**** Data excerpts ****

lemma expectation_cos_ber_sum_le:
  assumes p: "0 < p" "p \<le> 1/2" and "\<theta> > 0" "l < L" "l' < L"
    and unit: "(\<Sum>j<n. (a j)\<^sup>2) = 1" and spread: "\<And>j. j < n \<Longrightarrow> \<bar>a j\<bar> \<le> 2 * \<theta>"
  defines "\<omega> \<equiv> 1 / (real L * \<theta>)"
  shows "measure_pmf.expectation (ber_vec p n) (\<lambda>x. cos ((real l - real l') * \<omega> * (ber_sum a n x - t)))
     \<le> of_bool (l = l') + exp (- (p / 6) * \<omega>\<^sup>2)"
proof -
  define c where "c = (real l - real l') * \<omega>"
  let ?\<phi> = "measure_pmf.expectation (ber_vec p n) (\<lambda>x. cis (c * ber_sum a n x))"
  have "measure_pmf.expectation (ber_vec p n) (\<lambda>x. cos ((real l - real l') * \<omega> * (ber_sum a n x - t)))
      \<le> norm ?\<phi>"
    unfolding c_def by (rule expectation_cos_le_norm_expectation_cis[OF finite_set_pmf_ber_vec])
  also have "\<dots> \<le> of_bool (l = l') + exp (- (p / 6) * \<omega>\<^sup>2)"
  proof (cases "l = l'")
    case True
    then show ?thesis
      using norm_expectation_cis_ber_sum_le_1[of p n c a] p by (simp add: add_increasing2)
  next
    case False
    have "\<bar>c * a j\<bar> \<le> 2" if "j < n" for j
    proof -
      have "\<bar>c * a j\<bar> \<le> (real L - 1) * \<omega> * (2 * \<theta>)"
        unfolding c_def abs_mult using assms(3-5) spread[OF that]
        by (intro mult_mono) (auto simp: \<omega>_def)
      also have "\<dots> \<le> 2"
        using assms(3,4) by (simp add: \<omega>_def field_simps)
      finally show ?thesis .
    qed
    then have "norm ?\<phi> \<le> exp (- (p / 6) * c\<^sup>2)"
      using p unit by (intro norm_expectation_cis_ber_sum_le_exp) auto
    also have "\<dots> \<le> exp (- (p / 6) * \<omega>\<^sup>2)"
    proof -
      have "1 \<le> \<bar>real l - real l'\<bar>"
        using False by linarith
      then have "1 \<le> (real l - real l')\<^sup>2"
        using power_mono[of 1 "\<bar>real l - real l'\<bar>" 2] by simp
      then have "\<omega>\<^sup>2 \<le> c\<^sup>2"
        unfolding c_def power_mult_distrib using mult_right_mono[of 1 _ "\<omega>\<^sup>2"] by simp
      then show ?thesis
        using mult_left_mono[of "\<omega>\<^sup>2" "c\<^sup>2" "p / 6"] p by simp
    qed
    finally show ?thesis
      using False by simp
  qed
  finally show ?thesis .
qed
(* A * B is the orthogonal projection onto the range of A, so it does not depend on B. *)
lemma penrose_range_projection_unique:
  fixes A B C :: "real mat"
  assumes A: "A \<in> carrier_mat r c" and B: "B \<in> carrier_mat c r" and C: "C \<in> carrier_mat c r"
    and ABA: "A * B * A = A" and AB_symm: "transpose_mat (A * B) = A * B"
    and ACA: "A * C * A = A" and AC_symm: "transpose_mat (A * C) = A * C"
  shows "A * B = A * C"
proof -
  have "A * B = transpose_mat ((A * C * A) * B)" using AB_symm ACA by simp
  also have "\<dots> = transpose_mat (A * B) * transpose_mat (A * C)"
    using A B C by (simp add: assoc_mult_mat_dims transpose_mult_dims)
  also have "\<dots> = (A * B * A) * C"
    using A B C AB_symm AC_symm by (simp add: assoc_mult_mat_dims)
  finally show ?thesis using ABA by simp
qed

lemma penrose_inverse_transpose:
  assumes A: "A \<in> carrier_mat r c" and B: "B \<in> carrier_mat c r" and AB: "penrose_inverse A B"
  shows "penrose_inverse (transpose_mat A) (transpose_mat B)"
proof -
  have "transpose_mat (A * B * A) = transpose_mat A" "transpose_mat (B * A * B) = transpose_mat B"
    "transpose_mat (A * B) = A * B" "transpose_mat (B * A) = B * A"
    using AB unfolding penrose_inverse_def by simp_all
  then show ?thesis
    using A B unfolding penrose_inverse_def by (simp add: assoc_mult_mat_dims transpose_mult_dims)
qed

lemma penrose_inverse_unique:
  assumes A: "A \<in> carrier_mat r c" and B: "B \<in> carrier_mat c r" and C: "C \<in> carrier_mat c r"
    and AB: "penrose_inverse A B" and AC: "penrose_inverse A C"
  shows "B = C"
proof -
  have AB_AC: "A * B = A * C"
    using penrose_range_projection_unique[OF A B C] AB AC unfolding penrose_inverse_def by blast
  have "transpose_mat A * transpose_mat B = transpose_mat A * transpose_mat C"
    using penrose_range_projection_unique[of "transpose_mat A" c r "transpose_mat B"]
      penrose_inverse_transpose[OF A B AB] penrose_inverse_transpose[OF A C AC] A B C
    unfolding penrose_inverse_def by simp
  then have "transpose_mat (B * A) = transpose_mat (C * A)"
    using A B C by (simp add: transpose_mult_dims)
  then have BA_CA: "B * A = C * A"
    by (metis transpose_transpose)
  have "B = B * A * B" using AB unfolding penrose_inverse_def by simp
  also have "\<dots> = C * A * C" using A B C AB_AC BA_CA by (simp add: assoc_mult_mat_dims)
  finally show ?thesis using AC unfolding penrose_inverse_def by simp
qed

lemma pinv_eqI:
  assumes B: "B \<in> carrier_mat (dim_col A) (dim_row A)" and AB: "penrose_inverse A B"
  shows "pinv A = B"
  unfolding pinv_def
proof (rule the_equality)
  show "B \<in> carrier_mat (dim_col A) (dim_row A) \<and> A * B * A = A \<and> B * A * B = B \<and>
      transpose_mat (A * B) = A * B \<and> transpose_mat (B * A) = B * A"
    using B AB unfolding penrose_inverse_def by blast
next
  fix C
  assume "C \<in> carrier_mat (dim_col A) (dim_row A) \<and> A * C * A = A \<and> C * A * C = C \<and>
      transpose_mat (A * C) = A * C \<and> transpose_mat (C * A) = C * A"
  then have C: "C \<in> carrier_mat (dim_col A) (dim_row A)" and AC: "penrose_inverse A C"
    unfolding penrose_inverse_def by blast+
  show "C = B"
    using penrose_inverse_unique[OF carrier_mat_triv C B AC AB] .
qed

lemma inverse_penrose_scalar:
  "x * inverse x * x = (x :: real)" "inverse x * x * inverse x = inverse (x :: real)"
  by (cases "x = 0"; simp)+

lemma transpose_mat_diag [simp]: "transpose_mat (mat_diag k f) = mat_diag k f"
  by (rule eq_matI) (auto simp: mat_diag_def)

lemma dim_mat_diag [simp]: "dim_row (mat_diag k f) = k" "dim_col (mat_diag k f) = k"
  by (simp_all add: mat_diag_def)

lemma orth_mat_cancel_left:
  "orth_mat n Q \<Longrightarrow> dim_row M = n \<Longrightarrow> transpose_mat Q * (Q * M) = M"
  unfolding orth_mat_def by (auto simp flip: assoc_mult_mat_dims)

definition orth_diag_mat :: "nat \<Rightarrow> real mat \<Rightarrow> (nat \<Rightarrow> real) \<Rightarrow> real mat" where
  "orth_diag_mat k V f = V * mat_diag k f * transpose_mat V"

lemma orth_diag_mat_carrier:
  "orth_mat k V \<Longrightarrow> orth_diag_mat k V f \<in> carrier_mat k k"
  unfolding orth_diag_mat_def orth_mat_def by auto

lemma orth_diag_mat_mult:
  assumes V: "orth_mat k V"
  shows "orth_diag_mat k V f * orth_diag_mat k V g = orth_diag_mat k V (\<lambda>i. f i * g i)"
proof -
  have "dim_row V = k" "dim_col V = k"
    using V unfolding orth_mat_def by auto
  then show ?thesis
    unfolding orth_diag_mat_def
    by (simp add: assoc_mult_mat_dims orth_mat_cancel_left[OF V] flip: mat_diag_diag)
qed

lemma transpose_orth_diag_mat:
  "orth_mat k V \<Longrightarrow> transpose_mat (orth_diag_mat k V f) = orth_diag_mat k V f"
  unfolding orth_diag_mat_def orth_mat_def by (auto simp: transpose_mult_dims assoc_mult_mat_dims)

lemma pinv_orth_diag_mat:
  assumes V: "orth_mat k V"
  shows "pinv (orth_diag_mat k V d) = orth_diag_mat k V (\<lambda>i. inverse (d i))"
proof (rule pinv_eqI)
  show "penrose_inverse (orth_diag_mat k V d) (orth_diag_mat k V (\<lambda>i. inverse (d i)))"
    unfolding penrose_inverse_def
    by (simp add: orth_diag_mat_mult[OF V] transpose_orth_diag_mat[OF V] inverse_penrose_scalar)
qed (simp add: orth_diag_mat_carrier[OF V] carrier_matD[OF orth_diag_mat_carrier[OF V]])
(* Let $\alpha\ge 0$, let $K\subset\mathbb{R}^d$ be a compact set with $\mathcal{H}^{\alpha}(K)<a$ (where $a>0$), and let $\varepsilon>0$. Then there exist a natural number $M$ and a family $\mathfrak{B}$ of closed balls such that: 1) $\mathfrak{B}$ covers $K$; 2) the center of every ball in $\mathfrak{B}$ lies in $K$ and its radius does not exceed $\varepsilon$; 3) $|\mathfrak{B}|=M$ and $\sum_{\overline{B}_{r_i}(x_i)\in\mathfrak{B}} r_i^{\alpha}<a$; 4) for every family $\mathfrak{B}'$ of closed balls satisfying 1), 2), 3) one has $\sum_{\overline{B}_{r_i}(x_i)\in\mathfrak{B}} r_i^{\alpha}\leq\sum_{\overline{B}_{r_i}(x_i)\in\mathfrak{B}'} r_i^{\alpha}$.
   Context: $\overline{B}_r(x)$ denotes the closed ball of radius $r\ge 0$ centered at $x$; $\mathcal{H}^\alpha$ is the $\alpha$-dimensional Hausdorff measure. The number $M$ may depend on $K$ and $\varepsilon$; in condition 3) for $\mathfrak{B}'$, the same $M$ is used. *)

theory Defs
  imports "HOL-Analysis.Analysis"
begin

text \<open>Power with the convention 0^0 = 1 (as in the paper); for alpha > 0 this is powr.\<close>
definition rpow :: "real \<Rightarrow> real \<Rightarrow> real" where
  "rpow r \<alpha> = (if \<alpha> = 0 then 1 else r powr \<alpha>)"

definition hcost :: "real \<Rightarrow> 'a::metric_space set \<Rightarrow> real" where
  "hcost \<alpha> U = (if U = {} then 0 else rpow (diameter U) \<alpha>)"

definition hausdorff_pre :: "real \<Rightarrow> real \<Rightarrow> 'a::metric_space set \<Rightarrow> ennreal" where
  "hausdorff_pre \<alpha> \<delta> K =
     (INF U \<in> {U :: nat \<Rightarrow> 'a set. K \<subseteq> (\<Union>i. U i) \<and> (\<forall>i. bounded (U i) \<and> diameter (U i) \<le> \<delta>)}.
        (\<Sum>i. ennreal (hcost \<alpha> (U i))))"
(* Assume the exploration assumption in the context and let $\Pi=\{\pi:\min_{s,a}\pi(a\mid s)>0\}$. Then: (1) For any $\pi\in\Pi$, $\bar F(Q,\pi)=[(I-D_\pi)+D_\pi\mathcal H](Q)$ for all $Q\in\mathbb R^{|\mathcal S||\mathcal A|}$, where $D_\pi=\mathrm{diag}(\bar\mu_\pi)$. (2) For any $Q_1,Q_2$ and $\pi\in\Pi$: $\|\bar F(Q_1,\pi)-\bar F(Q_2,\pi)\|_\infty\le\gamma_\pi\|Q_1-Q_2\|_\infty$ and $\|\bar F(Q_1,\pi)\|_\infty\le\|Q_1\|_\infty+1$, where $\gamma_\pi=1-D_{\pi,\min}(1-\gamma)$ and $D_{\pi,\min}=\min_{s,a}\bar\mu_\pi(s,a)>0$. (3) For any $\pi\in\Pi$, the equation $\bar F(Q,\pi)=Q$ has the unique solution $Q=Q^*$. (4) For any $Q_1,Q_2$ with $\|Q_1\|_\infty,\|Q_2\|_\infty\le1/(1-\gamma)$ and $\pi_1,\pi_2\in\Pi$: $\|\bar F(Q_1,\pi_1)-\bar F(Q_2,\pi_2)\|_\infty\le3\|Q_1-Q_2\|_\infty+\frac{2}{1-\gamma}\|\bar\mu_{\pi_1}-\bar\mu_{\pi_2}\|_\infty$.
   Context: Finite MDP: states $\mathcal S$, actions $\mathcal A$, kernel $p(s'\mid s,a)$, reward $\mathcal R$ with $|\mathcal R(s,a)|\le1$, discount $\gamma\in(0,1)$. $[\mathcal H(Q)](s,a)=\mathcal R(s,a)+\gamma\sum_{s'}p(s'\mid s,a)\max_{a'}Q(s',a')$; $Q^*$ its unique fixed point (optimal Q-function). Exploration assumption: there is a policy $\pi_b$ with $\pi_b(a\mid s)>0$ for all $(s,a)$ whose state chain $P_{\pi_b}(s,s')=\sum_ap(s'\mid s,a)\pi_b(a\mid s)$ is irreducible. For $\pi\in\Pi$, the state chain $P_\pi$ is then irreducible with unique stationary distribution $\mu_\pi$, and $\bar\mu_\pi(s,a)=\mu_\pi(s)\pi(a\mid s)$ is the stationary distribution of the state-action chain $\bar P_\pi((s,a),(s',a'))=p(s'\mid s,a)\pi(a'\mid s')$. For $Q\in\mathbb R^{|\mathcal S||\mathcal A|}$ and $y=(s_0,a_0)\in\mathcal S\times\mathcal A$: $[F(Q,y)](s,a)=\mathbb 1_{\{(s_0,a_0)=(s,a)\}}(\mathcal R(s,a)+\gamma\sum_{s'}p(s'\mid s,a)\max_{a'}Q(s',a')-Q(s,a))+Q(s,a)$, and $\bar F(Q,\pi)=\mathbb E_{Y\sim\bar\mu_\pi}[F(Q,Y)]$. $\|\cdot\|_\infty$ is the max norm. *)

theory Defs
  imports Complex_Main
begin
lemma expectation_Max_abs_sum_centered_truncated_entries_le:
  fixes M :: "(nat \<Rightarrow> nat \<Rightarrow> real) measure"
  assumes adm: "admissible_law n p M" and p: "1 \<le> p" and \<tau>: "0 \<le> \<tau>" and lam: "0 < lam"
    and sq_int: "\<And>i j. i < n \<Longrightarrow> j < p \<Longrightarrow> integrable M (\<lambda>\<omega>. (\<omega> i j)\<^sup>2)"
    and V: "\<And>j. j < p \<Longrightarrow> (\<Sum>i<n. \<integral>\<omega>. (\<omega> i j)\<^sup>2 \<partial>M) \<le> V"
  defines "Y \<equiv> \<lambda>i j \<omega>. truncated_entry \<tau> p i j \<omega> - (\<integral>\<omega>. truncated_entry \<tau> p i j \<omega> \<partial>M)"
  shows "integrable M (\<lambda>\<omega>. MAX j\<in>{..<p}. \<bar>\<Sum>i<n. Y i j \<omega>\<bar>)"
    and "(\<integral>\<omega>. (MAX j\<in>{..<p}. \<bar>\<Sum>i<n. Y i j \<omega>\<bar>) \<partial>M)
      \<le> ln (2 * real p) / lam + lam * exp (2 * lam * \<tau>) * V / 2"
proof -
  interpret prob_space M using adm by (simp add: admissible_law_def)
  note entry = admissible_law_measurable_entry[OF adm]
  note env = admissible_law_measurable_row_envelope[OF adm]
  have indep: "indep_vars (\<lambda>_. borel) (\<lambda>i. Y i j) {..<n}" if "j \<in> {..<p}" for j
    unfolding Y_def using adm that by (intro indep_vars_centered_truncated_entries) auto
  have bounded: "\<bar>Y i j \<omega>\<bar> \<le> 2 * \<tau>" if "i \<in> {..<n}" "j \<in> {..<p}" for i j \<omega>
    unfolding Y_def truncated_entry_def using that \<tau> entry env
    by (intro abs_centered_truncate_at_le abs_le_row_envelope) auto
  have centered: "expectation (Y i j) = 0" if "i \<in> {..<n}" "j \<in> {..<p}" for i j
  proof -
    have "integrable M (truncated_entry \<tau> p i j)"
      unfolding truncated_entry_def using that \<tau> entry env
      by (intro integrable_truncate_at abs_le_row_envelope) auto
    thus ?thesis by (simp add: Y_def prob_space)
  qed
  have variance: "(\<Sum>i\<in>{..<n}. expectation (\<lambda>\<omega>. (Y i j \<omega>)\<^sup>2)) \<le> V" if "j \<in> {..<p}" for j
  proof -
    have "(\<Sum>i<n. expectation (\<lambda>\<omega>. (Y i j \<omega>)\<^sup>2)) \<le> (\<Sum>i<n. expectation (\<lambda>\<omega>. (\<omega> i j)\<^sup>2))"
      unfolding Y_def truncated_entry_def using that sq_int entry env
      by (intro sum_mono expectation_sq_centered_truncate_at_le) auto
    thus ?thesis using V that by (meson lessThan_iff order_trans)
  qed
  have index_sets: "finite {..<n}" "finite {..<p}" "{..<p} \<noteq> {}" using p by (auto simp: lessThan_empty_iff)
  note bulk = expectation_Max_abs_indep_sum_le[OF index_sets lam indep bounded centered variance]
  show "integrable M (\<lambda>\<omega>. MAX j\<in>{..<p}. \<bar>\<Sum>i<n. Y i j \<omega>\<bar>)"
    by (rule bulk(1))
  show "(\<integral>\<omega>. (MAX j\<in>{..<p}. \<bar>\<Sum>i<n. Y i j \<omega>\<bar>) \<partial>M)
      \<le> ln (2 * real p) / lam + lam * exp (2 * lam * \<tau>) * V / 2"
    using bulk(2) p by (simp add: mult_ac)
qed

****

### What to produce
Search the records above for "blast". Copy each line where it is found.

### Output of the exercise
    using penrose_range_projection_unique[OF A B C] AB AC unfolding penrose_inverse_def by blast
    using B AB unfolding penrose_inverse_def by blast
    unfolding penrose_inverse_def by blast+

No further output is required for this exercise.